3、怎么搭建比较顺利:我个人建议是跟着教学视频来一步一步搭建,视频讲的比较详细。博客的话可以作为参考,有的地方博客会有跳跃,可能对于初学者来说就有点迷惑。

4、怎么处理出现的错误:我也是第一次接触hadoop、spark等这方面的内容,是一个彻头彻尾的小白。在Debug方面没有什么好的经验,我就是不停的翻看log,然后百度,基本都能解决。

5、实用小工具:1、Xshell5等连接工具。可以很方便的在windows与虚拟机之间切换,可以使用ctrl+c、ctrl+v、tab等快捷键,会很方便快捷,省去手动输入一些复杂的指令。2、更新yum源。把yum源换成阿里源或者163源,可以很方便地下载软件,只要上面有的都能下载。

下面就是正文部分

目录:1、下载并配置CentOS7、Hadoop、Spark、jdk、scala、scala ide for ecplise

           2、启动完全分布式集群

           3、实现K-Means算法

正文:

           1.1 下载并安装CentOS7

                  1.下载VmwareWorkstation10.0(可以下载其他版本)
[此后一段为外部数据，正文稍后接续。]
(* Let $k\in\mathbb{Z}$ and $z\in\mathbb{C}\setminus\{0,-1/e\}$ (with $z$ in the domain of $W_k$). Then $$|W_k'(z)| \le \frac{1}{|z|}\max\left(3, \frac{1.5}{\sqrt{|ez+1|}}\right).$$
   Context: $W_k$ denotes the $k$-th branch of the Lambert $W$ function (inverse of $w\mapsto we^w$) in the standard convention of Corless, Gonnet, Hare, Jeffrey and Knuth (1996). On a branch cut, values are defined by continuity from the upper half plane and $W_k'$ denotes the derivative of the fixed branch $W_k$ (directional derivative along the cut there); $W'(z)=\frac{1}{z}\frac{W(z)}{1+W(z)}$. *)

theory Defs
  imports "HOL-Analysis.Analysis"
begin

text \<open>Range of the k-th branch of Lambert W (Corless, Gonnet, Hare, Jeffrey, Knuth 1996).
  The boundaries between ranges are the curves x = - y cot y (images of the branch cut),
  together with the ray (-inf,-1] separating W_1 and W_{-1}.  Each branch owns its upper
  boundary (counter-clockwise continuity = continuity from the upper half plane on the cut).\<close>

definition LambertW_range :: "int \<Rightarrow> complex set" where
  "LambertW_range k = {w. let x = Re w; y = Im w in
     (if k = 0 then
        (-pi < y \<and> y < 0 \<and> x > - y * cot y) \<or>
        (y = 0 \<and> x \<ge> -1) \<or>
        (0 < y \<and> y < pi \<and> x \<ge> - y * cot y)
      else if k > 0 then
        ((2*k-2)*pi < y \<and> y < (2*k-1)*pi \<and> x < - y * cot y) \<or>
        ((2*k-1)*pi \<le> y \<and> y \<le> 2*k*pi) \<or>
        (2*k*pi < y \<and> y < (2*k+1)*pi \<and> x \<ge> - y * cot y)
      else
        ((2*k-1)*pi < y \<and> y < 2*k*pi \<and> x > - y * cot y) \<or>
        (2*k*pi \<le> y \<and> y \<le> (2*k+1)*pi) \<or>
        ((2*k+1)*pi < y \<and> y < (2*k+2)*pi \<and> x \<le> - y * cot y) \<or>
        (k = -1 \<and> y = 0 \<and> x < -1))}"

definition LambertW :: "int \<Rightarrow> complex \<Rightarrow> complex" where
  "LambertW k z = (THE w. w \<in> LambertW_range k \<and> w * exp w = z)"

definition LambertW_deriv :: "int \<Rightarrow> complex \<Rightarrow> complex" where
  "LambertW_deriv k z = LambertW k z / (z * (1 + LambertW k z))"

end

theory Submission
  imports Defs "HOL-Real_Asymp.Real_Asymp"
begin

text \<open>
  Since \<open>W'(z) = W / (z (1 + W))\<close>, the claim is \<open>|W| / |1 + W| \<le> max 3 (1.5 / sqrt |ez + 1|)\<close>.
  If \<open>|W| \<le> 3 |1 + W|\<close> this is trivial. Otherwise \<open>t = 1 + W\<close> satisfies \<open>|t| < 1/2\<close> and
  \<open>ez + 1 = 1 + (t - 1) e\<^sup>t = t\<^sup>2/2 + t\<^sup>3/3 + \<dots>\<close>, whose modulus is at most \<open>|t|\<^sup>2\<close>, while \<open>|W| \<le> 3/2\<close>.

  Most of the work goes into showing that \<open>LambertW k z\<close> really is a preimage of \<open>z\<close>, i.e. that
  the range of \<open>W\<^sub>k\<close> contains exactly one solution of \<open>w e\<^sup>w = z\<close>. For nonreal \<open>w\<close> the
  boundary curves \<open>x = -y cot y\<close> are where \<open>Arg w + Im w\<close> crosses an odd multiple of \<open>\<pi>\<close>, so the
  range condition says \<open>Arg w + Im w \<in> ((2k-1)\<pi>, (2k+1)\<pi>]\<close>; as \<open>Arg w + Im w\<close> is an argument of
  \<open>w e\<^sup>w\<close>, this fixes it to \<open>b = Arg z + 2k\<pi>\<close>. Along the curve \<open>Arg w + Im w = b\<close>,
  \<open>ln |w e\<^sup>w|\<close> is a strictly decreasing function of \<open>|Arg w|\<close> running from \<open>+\<infinity>\<close> to \<open>-\<infinity>\<close>
  (to \<open>-1\<close> if \<open>|b| = \<pi>\<close>). Real solutions are handled by monotonicity of \<open>x e\<^sup>x\<close> on either side of \<open>-1\<close>.
\<close>

section \<open>Signs of sines and the boundary curves of the branch ranges\<close>

lemma sin_nonneg_iff:
  assumes "- pi < t" "t < 2 * pi"
  shows "0 \<le> sin t \<longleftrightarrow> 0 \<le> t \<and> t \<le> pi"
proof -
  have "sin t < 0" if "t < 0" using sin_gt_zero[of "- t"] that assms by simp
  moreover have "sin t < 0" if "pi < t" using sin_lt_zero that assms by simp
  ultimately show ?thesis using sin_ge_zero by force
qed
                  2.安装CentOS7 参考博客:http://www.osyunwei.com/archives/7829.html


           1.2  下载并安装Hadoop2.8.0

                  参考的博客:https://blog.csdn.net/pucao_cug/article/details/71698903

                  主要的步骤就是:实现不同虚拟机之间的免密登录-->安装hadoop-->修改hadoop配置文件-->启动hadoop-->                   测试hadoop

           1.3  下载并安装JDK1.8.0_162

               参考的博客:http://blog.csdn.net/pucao_cug/article/details/68948639(虽然那篇博文用的是ubuntu,但是jdk安装在CentOS下也一样,我使用的是最新版的jdk

           1.4  下载并安装spark

                  参考的博客:https://www.cnblogs.com/NextNight/p/6703362.html

     1.5 下载并安装scala

          类似于jdk的安装,都是从官网下载压缩包,解压,添加路径即可

           1.6  下载并安装Scala ide

                  1.下载地址:http://scala-ide.org/。使用Scala ide 需要用到CentOS7的GUI界面,可以用#yum installgroup GNOME 下载一个可视化桌面。安装完可视化界面之后,就解压压缩包,即可使用Scala Ide for Ecplise。
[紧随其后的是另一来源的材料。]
lemma expected_gradient_at_minimizer: "(\<integral>e. gf e \<theta>star \<partial>P) = 0"
proof -
  have "(\<lambda>h. (\<integral>e. gf e \<theta>star \<partial>P) \<bullet> h) = (\<lambda>v. 0)"
    by (rule differential_zero_maxmin[of \<theta>star UNIV, OF _ _ interchange]) (use minimizer in auto)
  then have "(\<integral>e. gf e \<theta>star \<partial>P) \<bullet> (\<integral>e. gf e \<theta>star \<partial>P) = 0" by metis
  then show ?thesis by simp
qed

lemma sample_gradient_inequality:
  assumes "e \<in> space P"
  shows "f e x + gf e x \<bullet> (z - x) \<le> f e z"
proof -
  have "0 \<le> H / 2 * (norm (z - x))\<^sup>2" using H_pos by simp
  with strongly_convex_on_gradient_inequality[OF grad[OF assms] A2[OF assms], of x z]
  show ?thesis by linarith
qed

lemma expected_step_contraction:
  assumes \<eta>_pos: "0 < \<eta>" and \<eta>_le: "\<eta> \<le> 1 / (2 * L + M)"
  shows "integrable P (\<lambda>e. (norm (x - \<eta> *\<^sub>R (gf e x - c e x) - \<theta>star))\<^sup>2)"
    and "(\<integral>e. (norm (x - \<eta> *\<^sub>R (gf e x - c e x) - \<theta>star))\<^sup>2 \<partial>P)
           \<le> (1 - \<eta> * H) * (norm (x - \<theta>star))\<^sup>2"
proof -
  define r where "r = x - \<theta>star"
  define \<psi> where "\<psi> e = (norm (x - \<eta> *\<^sub>R (gf e x - c e x) - \<theta>star))\<^sup>2" for e
  define B where "B e = (norm r)\<^sup>2 - 2 * \<eta> * (gf e x \<bullet> r - c e x \<bullet> r)
      + \<eta>\<^sup>2 * (4 * L * (f e x - f e \<theta>star - gf e \<theta>star \<bullet> r) + 2 * (norm (gf e \<theta>star - c e x))\<^sup>2)" for e
  have \<psi>_le_B: "\<psi> e \<le> B e" if "e \<in> space P" for e
    using norm_sq_corrected_gradient_step_le[OF grad[OF that] A1[OF that]
        sample_gradient_inequality[OF that] L_pos, of x \<eta> "c e x" \<theta>star]
    unfolding \<psi>_def B_def r_def by (simp add: inner_diff_left)
  have B_int: "integrable P B"
    unfolding B_def using f_int gf_int c_int A3_int
    by (intro Bochner_Integration.integrable_add Bochner_Integration.integrable_diff
        integrable_mult_right integrable_inner_left integrable_const) auto
  show \<psi>_int: "integrable P \<psi>"
  proof (rule Bochner_Integration.integrable_bound[OF B_int])
    have "(\<lambda>e. gf e x) \<in> borel_measurable P" "(\<lambda>e. c e x) \<in> borel_measurable P"
      using gf_int c_int by auto
    then show "\<psi> \<in> borel_measurable P" unfolding \<psi>_def by measurable
    show "AE e in P. norm (\<psi> e) \<le> norm (B e)"
      using \<psi>_le_B by (intro AE_I2) (fastforce simp: \<psi>_def)
  qed
  define D where "D = (\<integral>e. (f e x - f e \<theta>star) \<partial>P)"
  define G where "G = (\<integral>e. gf e x \<bullet> r \<partial>P)"
  define A where "A = (\<integral>e. (norm (gf e \<theta>star - c e x))\<^sup>2 \<partial>P)"
  have "(\<integral>e. (gf e x \<bullet> r - c e x \<bullet> r) \<partial>P) = G"
    unfolding G_def using gf_int c_int by (simp add: integral_diff c_zero_mean)
  moreover have "(\<integral>e. (f e x - f e \<theta>star - gf e \<theta>star \<bullet> r) \<partial>P) = D"
    unfolding D_def using gf_int f_int by (simp add: integral_diff expected_gradient_at_minimizer)
  ultimately have B_integral: "(\<integral>e. B e \<partial>P) = (norm r)\<^sup>2 - 2 * \<eta> * G + \<eta>\<^sup>2 * (4 * L * D + 2 * A)"
    unfolding B_def A_def using f_int gf_int c_int A3_int
    by (simp add: integral_diff integral_add P.prob_space del: integral_inner_left)
  have "0 \<le> D" unfolding D_def using minimizer[of x] f_int by (simp add: integral_diff)
  have "D + H / 2 * (norm r)\<^sup>2 \<le> G"
  proof -
    have "(\<integral>e. (f e x - f e \<theta>star + H / 2 * (norm r)\<^sup>2) \<partial>P) \<le> G"
      unfolding G_def
    proof (rule integral_mono)
      fix e assume e: "e \<in> space P"
      from strongly_convex_on_gradient_inequality[OF grad[OF e] A2[OF e], of x \<theta>star]
      show "f e x - f e \<theta>star + H / 2 * (norm r)\<^sup>2 \<le> gf e x \<bullet> r"
        by (simp add: r_def norm_minus_commute inner_diff_right)
    qed (use f_int gf_int in auto)
    then show ?thesis unfolding D_def using f_int by (simp add: integral_diff P.prob_space)
  qed
  have "\<eta> * (2 * L + M) \<le> 1" using \<eta>_le L_pos M_pos \<eta>_pos by (simp add: field_simps)
  have "\<eta>\<^sup>2 * (4 * L * D + 2 * A) \<le> \<eta>\<^sup>2 * (4 * L * D + 2 * (M * D))"
    using A3[of x] by (intro mult_left_mono) (auto simp: A_def D_def)
  also have "\<dots> = 2 * \<eta> * ((\<eta> * (2 * L + M)) * D)" by (simp add: power2_eq_square algebra_simps)
  also have "\<dots> \<le> 2 * \<eta> * D"
    using mult_right_mono[OF \<open>\<eta> * (2 * L + M) \<le> 1\<close> \<open>0 \<le> D\<close>] \<eta>_pos by (simp add: mult.assoc)
  finally have "\<eta>\<^sup>2 * (4 * L * D + 2 * A) \<le> 2 * \<eta> * D" .
  moreover have "2 * \<eta> * (D + H / 2 * (norm r)\<^sup>2) \<le> 2 * \<eta> * G"
    using \<open>D + H / 2 * (norm r)\<^sup>2 \<le> G\<close> \<eta>_pos by simp
  moreover have "(\<integral>e. \<psi> e \<partial>P) \<le> (\<integral>e. B e \<partial>P)"
    using \<psi>_le_B by (intro integral_mono \<psi>_int B_int)
  ultimately show "(\<integral>e. \<psi> e \<partial>P) \<le> (1 - \<eta> * H) * (norm (x - \<theta>star))\<^sup>2"
    unfolding B_integral r_def by (simp add: algebra_simps)
qed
            2.如何新建scala工程:参考博客:https://blog.csdn.net/wangmuming/article/details/34079119

            3.配置Scala Ide for Ecplise:想要使用Spark Millb之类的包,必须导入spark依赖包。具体的方法是:在自己project右键-->properties-->Java Build Path-->Add extern jars-->打开自己spark文件夹中的Jars文件夹-->把所有.jar文件导入(spark2.0以上的版本才有jars文件夹)

            4.Scala IDE环境已经搭建完毕,运行Demo:wordcount。

              参考博客: https://blog.csdn.net/hqwang4/article/details/72615125

      2.1 启动集群

        其实前面的博客中已经提到了如何配置启动集群,这里就不再重复了。

      2.2 把任务提交到集群

        参考博客:https://www.cnblogs.com/zengxiaoliang/p/6508330.html

      3.1 实现K-Means算法

        实现K-Means算法的方式有很多种,我选择的是用基于Spark Millb包的K-Means算法,用的是Scala语言编写的。我选择的原始数据是Iris.csv(莺尾花数据)主要代码如下:

           

package test
import org.apache.spark.{SparkContext, SparkConf}
import org.apache.spark.mllib.clustering.{KMeans, KMeansModel}
import org.apache.spark.mllib.linalg.Vectors

object KmeansTest {
  def main(args: Array[String]) {

    val conf = new
        SparkConf().setAppName("K-Means Clustering").setMaster("spark://192.168.1.110:7077")
    val sc = new SparkContext(conf)
         sc.addJar("/opt/KmeansTest.jar")
    val rawTrainingData = sc.textFile("hdfs://192.168.1.110:9000/Hadoop/Input/Iris.csv")
    val parsedTrainingData =
      rawTrainingData.map(line => {
        Vectors.dense(line.split(",").map(_.trim).filter(!"".equals(_)).map(_.toDouble))
      }).cache()

    //Cluster the data into two classes using KMeans
      

    val numClusters = 3
    val numIterations = 40 
    val runTimes = 3
    var clusterIndex: Int = 0
    val clusters : KMeansModel = KMeans.train(parsedTrainingData, numClusters, numIterations, runTimes)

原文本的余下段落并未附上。